Un cheval traverse la route sans se presser, suivi de deux poulains. Personne ne klaxonne : à Vieques, les chevaux semi-sauvages ont priorité depuis toujours. Cette île de 33 kilomètres de long, ancrée à une dizaine de kilomètres à l'est de Porto Rico, accueille les navires de petite taille qui jettent l'ancre au large et déposent leurs passagers en navette, tantôt à Isabel Segunda sur la côte nord, tantôt à Esperanza sur la côte sud. D'un débarcadère à l'autre, le décor demeure le même : collines vertes, rivages déserts et une nature qui a repris tous ses droits.
Isabel Segunda et le dernier fort espagnol des Amériques
Le bourg principal s'étage autour de sa place, de son église et de ses commerces aux façades pastel. Sur la hauteur, le Fortín Conde de Mirasol mérite la courte montée : achevé au milieu du XIXe siècle, il fut le dernier ouvrage fortifié construit par l'Espagne dans le Nouveau Monde. Ses salles accueillent maintenant un musée d'histoire et d'art local qui résume bien le destin singulier de l'île. Un peu plus au nord, le phare de Punta Mulas veille sur le va-et-vient des traversiers venus de Ceiba.
Une réserve née d'une base militaire
Pendant six décennies, la marine américaine a occupé les deux extrémités de Vieques, y menant des exercices de tir qui ont soulevé une longue mobilisation citoyenne. Son départ, en 2003, a transformé l'ancienne zone militaire en refuge faunique national, le plus vaste des Caraïbes. Résultat inattendu : des kilomètres de littoral épargnés par toute construction. Les anses de La Chiva et de Caracas, accessibles par des chemins de terre dans la partie est, comptent parmi les rivages les plus intacts de l'archipel portoricain.
Sun Bay, le grand croissant du sud
À quelques minutes d'Esperanza, Sun Bay étire près de trois kilomètres de sable pâle bordés de cocotiers, avec vestiaires, surveillance et aires de pique-nique. Les chevaux y paissent parfois entre les palmiers, indifférents aux baigneurs.
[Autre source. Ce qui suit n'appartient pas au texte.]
(* If $Q$ and $Q'$ are proper quadrilaterals in $K^2$ sharing the same vertices, then the bisectors of $Q$ and $Q'$ are the same. Also, $\Phi_Q=\lambda\Phi_{Q'}$ for some $\lambda\in K$, and two lines are $Q$-orthogonal if and only if they are $Q'$-orthogonal.
   Context: $K$ is a field of characteristic $\neq 2$. Every line $L$ in $K^2$ has an equation $tX-uY+v=0$ normalized so that $t=1$ if $u=0$ and $u=1$ if $u\neq 0$; coefficients denoted $t_L,u_L,v_L$. A quadrilateral $Q=ABA'B'$ consists of four distinct lines $A,B,A',B'$ (sides), not all through one point, with adjacent sides ($A,B$; $B,A'$; $A',B'$; $B',A$) not parallel; opposite sides may be parallel. Vertices: $A\cap B$, $B\cap A'$, $A'\cap B'$, $B'\cap A$. $Q$ is proper if no three sides pass through a common point (so the four vertices are distinct). Let $\alpha=t_Au_Bu_{A'}u_{B'}-u_At_Bu_{A'}u_{B'}+u_Au_Bt_{A'}u_{B'}-u_Au_Bu_{A'}t_{B'}$, $\beta=t_Au_Bt_{A'}u_{B'}-u_At_Bu_{A'}t_{B'}$, $\gamma=t_At_Bt_{A'}u_{B'}-t_At_Bu_{A'}t_{B'}+t_Au_Bt_{A'}t_{B'}-u_At_Bt_{A'}t_{B'}$, $\Phi_Q(X,Y)=\gamma X^2-2\beta XY+\alpha Y^2$, and $\langle \mathbf v,\mathbf w\rangle_Q=\mathbf v^T\begin{pmatrix}\gamma&-\beta\\-\beta&\alpha\end{pmatrix}\mathbf w$. Lines $\ell_1,\ell_2$ are $Q$-orthogonal if $\langle (u_{\ell_1},t_{\ell_1}),(u_{\ell_2},t_{\ell_2})\rangle_Q=0$. A line $\ell$ crosses a pair $\{\ell_1,\ell_2\}$ if it is distinct from both and not parallel to both; $\mathrm{mid}_{\{\ell_1,\ell_2\}}(\ell)$ is the midpoint of the points where $\ell$ meets $\ell_1,\ell_2$ (the point at infinity of $\ell$ if one of them is at infinity). $\ell$ bisects $Q$ (is a bisector) if $\mathrm{mid}_{\mathsf P}(\ell)$ is the same for all pairs $\mathsf P$ among $\{A,A'\},\{B,B'\}$ that $\ell$ crosses; this common point is the midpoint of the bisector. *)

theory Defs
  imports Main
begin

text \<open>A line of K^2 is stored by its normalized coefficient triple (t, u, v) of the
 equation t X - u Y + v = 0, normalized so that t = 1 if u = 0 and u = 1 if u \<noteq> 0.\<close>

type_synonym 'a line = "'a \<times> 'a \<times> 'a"

definition tL :: "'a line \<Rightarrow> 'a" where "tL L = fst L"
definition uL :: "'a line \<Rightarrow> 'a" where "uL L = fst (snd L)"
definition vL :: "'a line \<Rightarrow> 'a" where "vL L = snd (snd L)"

definition is_line :: "('a::field) line \<Rightarrow> bool" where
  "is_line L \<longleftrightarrow> (uL L = 0 \<and> tL L = 1) \<or> uL L = 1"

definition on_line :: "('a::field) line \<Rightarrow> 'a \<times> 'a \<Rightarrow> bool" where
  "on_line L p \<longleftrightarrow> tL L * fst p - uL L * snd p + vL L = 0"

definition parallel :: "('a::field) line \<Rightarrow> 'a line \<Rightarrow> bool" where
  "parallel L M \<longleftrightarrow> tL L * uL M - uL L * tL M = 0"

text \<open>Points of K^2 together with points at infinity; the point at infinity in the
 direction of a line L is represented by the normalized pair (t_L, u_L).\<close>
datatype 'a ppoint = Fin "'a \<times> 'a" | Infty "'a \<times> 'a"

definition isect :: "('a::field) line \<Rightarrow> 'a line \<Rightarrow> 'a \<times> 'a" where
  "isect L M = (THE p. on_line L p \<and> on_line M p)"

definition meet :: "('a::field) line \<Rightarrow> 'a line \<Rightarrow> 'a ppoint" where
  "meet L M = (if parallel L M then Infty (tL L, uL L) else Fin (isect L M))"

definition crosses :: "('a::field) line \<Rightarrow> 'a line \<times> 'a line \<Rightarrow> bool" where
  "crosses L P \<longleftrightarrow> L \<noteq> fst P \<and> L \<noteq> snd P \<and> \<not> (parallel L (fst P) \<and> parallel L (snd P))"

definition mid :: "('a::field) line \<times> 'a line \<Rightarrow> 'a line \<Rightarrow> 'a ppoint" where
  "mid P L = (case (meet L (fst P), meet L (snd P)) of
      (Fin p, Fin q) \<Rightarrow> Fin ((fst p + fst q) / 2, (snd p + snd q) / 2)
    | _ \<Rightarrow> Infty (tL L, uL L))"

type_synonym 'a quad = "'a line \<times> 'a line \<times> 'a line \<times> 'a line"

definition quadrilateral :: "('a::field) quad \<Rightarrow> bool" where
  "quadrilateral Q = (case Q of (A, B, A', B') \<Rightarrow>
     is_line A \<and> is_line B \<and> is_line A' \<and> is_line B' \<and>
     distinct [A, B, A', B'] \<and>
     \<not> (\<exists>p. on_line A p \<and> on_line B p \<and> on_line A' p \<and> on_line B' p) \<and>
     \<not> parallel A B \<and> \<not> parallel B A' \<and> \<not> parallel A' B' \<and> \<not> parallel B' A)"

definition proper_quad :: "('a::field) quad \<Rightarrow> bool" where
  "proper_quad Q = (quadrilateral Q \<and> (case Q of (A, B, A', B') \<Rightarrow>
     (\<forall>p. \<not> (on_line A p \<and> on_line B p \<and> on_line A' p) \<and>
          \<not> (on_line A p \<and> on_line B p \<and> on_line B' p) \<and>
          \<not> (on_line A p \<and> on_line A' p \<and> on_line B' p) \<and>
          \<not> (on_line B p \<and> on_line A' p \<and> on_line B' p))))"

definition vertices :: "('a::field) quad \<Rightarrow> ('a \<times> 'a) set" where
  "vertices Q = (case Q of (A, B, A', B') \<Rightarrow>
     {isect A B, isect B A', isect A' B', isect B' A})"

definition alpha :: "('a::field) quad \<Rightarrow> 'a" where
  "alpha Q = (case Q of (A, B, A', B') \<Rightarrow>
     tL A * uL B * uL A' * uL B' - uL A * tL B * uL A' * uL B'
     + uL A * uL B * tL A' * uL B' - uL A * uL B * uL A' * tL B')"

definition beta :: "('a::field) quad \<Rightarrow> 'a" where
  "beta Q = (case Q of (A, B, A', B') \<Rightarrow>
     tL A * uL B * tL A' * uL B' - uL A * tL B * uL A' * tL B')"

definition gamma :: "('a::field) quad \<Rightarrow> 'a" where
  "gamma Q = (case Q of (A, B, A', B') \<Rightarrow>
     tL A * tL B * tL A' * uL B' - tL A * tL B * uL A' * tL B'
     + tL A * uL B * tL A' * tL B' - uL A * tL B * tL A' * tL B')"

definition Phi :: "('a::field) quad \<Rightarrow> 'a \<Rightarrow> 'a \<Rightarrow> 'a" where
  "Phi Q X Y = gamma Q * X^2 - 2 * beta Q * X * Y + alpha Q * Y^2"

definition qinner :: "('a::field) quad \<Rightarrow> 'a \<times> 'a \<Rightarrow> 'a \<times> 'a \<Rightarrow> 'a" where
  "qinner Q v w = gamma Q * fst v * fst w - beta Q * fst v * snd w
                  - beta Q * snd v * fst w + alpha Q * snd v * snd w"

definition q_orthogonal :: "('a::field) quad \<Rightarrow> 'a line \<Rightarrow> 'a line \<Rightarrow> bool" where
  "q_orthogonal Q L M \<longleftrightarrow> qinner Q (uL L, tL L) (uL M, tL M) = 0"

definition opp_pairs :: "'a quad \<Rightarrow> ('a line \<times> 'a line) set" where
  "opp_pairs Q = (case Q of (A, B, A', B') \<Rightarrow> {(A, A'), (B, B')})"

definition bisects :: "('a::field) line \<Rightarrow> 'a quad \<Rightarrow> bool" where
  "bisects L Q \<longleftrightarrow> is_line L \<and>
     (\<forall>P\<in>opp_pairs Q. \<forall>P'\<in>opp_pairs Q. crosses L P \<and> crosses L P' \<longrightarrow> mid P L = mid P' L)"

end

theory Submission
  imports Defs
begin

(*
  A proper quadrilateral is determined by its vertices in cyclic order: if a, b, c, d are the
  intersections of consecutive sides, then the sides are the lines da, ab, bc, cd and no three
  vertices are collinear. Two proper quadrilaterals with the same vertices therefore differ by a
  permutation of a, b, c, d, and it suffices to show invariance under adjacent transpositions.

  The coefficients alpha, beta, gamma are multilinear in the directions of the four sides, so up
  to a common nonzero factor they are the same polynomials in the differences of the vertices,
  and these are alternating in a, b, c, d.

  For the bisectors, let h be the affine function defining a line L. The line through p and q
  meets L at (h p * q - h q * p) / (h p - h q), and for the three ways {ab, cd}, {da, bc},
  {ac, bd} of pairing the six lines joining two vertices, the sums of these points satisfy a
  linear relation with coefficients adding up to zero. So if L has the same midpoint on two
  pairings, it has it on the third; the degenerate positions (L through two vertices, or parallel
  to two opposite lines) are checked directly.
*)

lemma perm3_invariant:
  assumes "R x1 x2 x3"
    and swap_12: "\<And>a b c. R a b c \<Longrightarrow> R b a c" and swap_23: "\<And>a b c. R a b c \<Longrightarrow> R a c b"
    and "distinct [x1, x2, x3]" "distinct [y1, y2, y3]" "{y1, y2, y3} = {x1, x2, x3}"
  shows "R y1 y2 y3"
proof -
  have "{y2, y3} = {x1, x2, x3} - {y1}" "y1 \<in> {x1, x2, x3}" using assms(5,6) by auto
  with assms(4) consider "y1 = x1" "{y2, y3} = {x2, x3}" | "y1 = x2" "{y2, y3} = {x1, x3}"
    | "y1 = x3" "{y2, y3} = {x1, x2}"
    by auto
  moreover have "R x1 x2 x3" "R x1 x3 x2" "R x2 x1 x3" "R x2 x3 x1" "R x3 x1 x2" "R x3 x2 x1"
    using assms(1) by (meson swap_12 swap_23)+
  ultimately show ?thesis by cases (auto simp: doubleton_eq_iff)
qed

lemma perm4_invariant:
  assumes "P x1 x2 x3 x4"
    and swap_12: "\<And>a b c d. P a b c d \<Longrightarrow> P b a c d"
    and swap_23: "\<And>a b c d. P a b c d \<Longrightarrow> P a c b d"
    and swap_34: "\<And>a b c d. P a b c d \<Longrightarrow> P a b d c"
    and "distinct [x1, x2, x3, x4]" "distinct [y1, y2, y3, y4]" "{y1, y2, y3, y4} = {x1, x2, x3, x4}"
  shows "P y1 y2 y3 y4"
proof -
  have "{y2, y3, y4} = {x1, x2, x3, x4} - {y1}" "y1 \<in> {x1, x2, x3, x4}"
    using assms(6,7) by auto
  with assms(5) consider "y1 = x1" "{y2, y3, y4} = {x2, x3, x4}"
    | "y1 = x2" "{y2, y3, y4} = {x1, x3, x4}"
    | "y1 = x3" "{y2, y3, y4} = {x1, x2, x4}"
    | "y1 = x4" "{y2, y3, y4} = {x1, x2, x3}"
    by auto
  moreover have "P x1 x2 x3 x4" "P x2 x1 x3 x4" "P x3 x1 x2 x4" "P x4 x1 x2 x3"
    using assms(1) by (meson swap_12 swap_23 swap_34)+
  ultimately show ?thesis
    using assms(5,6) perm3_invariant[where R = "P y1", OF _ swap_23 swap_34] by cases simp_all
qed

definition line_eval :: "('a::field) line \<Rightarrow> 'a \<times> 'a \<Rightarrow> 'a" where
  "line_eval L p = tL L * fst p - uL L * snd p + vL L"

lemma on_line_iff_line_eval: "on_line L p \<longleftrightarrow> line_eval L p = 0"
  by (simp add: on_line_def line_eval_def)

definition line_through :: "('a::field) \<times> 'a \<Rightarrow> 'a \<times> 'a \<Rightarrow> 'a line" where
  "line_through p q =
    (if fst p \<noteq> fst q then
       let m = (snd q - snd p) / (fst q - fst p) in (m, 1, snd p - m * fst p)
     else (1, 0, - fst p))"

lemma line_through_commute: "line_through p q = line_through q p"
proof (cases "fst p = fst q")
  case False
  then have "fst q - fst p \<noteq> 0" "fst p - fst q \<noteq> 0" by auto
  then show ?thesis using False by (simp add: line_through_def field_simps)
qed (simp add: line_through_def)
Des sentiers mènent du stationnement aux criques voisines de Media Luna et de Navío, plus intimes encore. Le hameau lui-même se résume à un malecón, cette promenade de bord de mer où s'alignent cantines et terrasses ; on y mange un poisson grillé face à l'îlot de Cayo Afuera avant de reprendre la route.
Mosquito Bay, la merveille nocturne
Vieques abrite la baie bioluminescente la plus brillante au monde, homologuée par le livre Guinness des records. Des milliards de micro-organismes y produisent une lueur bleutée à chaque mouvement de l'eau. Le phénomène ne se révèle qu'à la nuit tombée : seuls les passagers dont le navire prolonge l'escale en soirée pourront tenter l'expérience en kayak, avec un guide autorisé. Les autres garderont une raison de plus de revenir séjourner sur l'île.
Repères pour l'escale
| Élément | Détail |
|---|---|
| Accostage | Ancrage au large, navettes vers Isabel Segunda ou Esperanza selon les compagnies |
| Sun Bay | À environ 1 km d'Esperanza, 8 km d'Isabel Segunda |
| Déplacements | Taxis-fourgonnettes locaux ; routes secondaires parfois non pavées |
| Monnaie et langue | Dollar américain ; espagnol et anglais |
Ce que l'île laisse derrière elle
Au moment de rembarquer, beaucoup de passagers réalisent qu'ils n'ont croisé ni feu de circulation ni centre commercial. Vieques offre exactement l'inverse des escales urbaines : du silence, des chevaux en liberté, des rivages sans parasols. L'île porte encore les cicatrices de son histoire militaire, mais elle en a fait une force, celle d'un territoire rendu à la nature et à ses habitants. On repart avec l'impression d'avoir entrevu les Caraïbes d'il y a cinquante ans.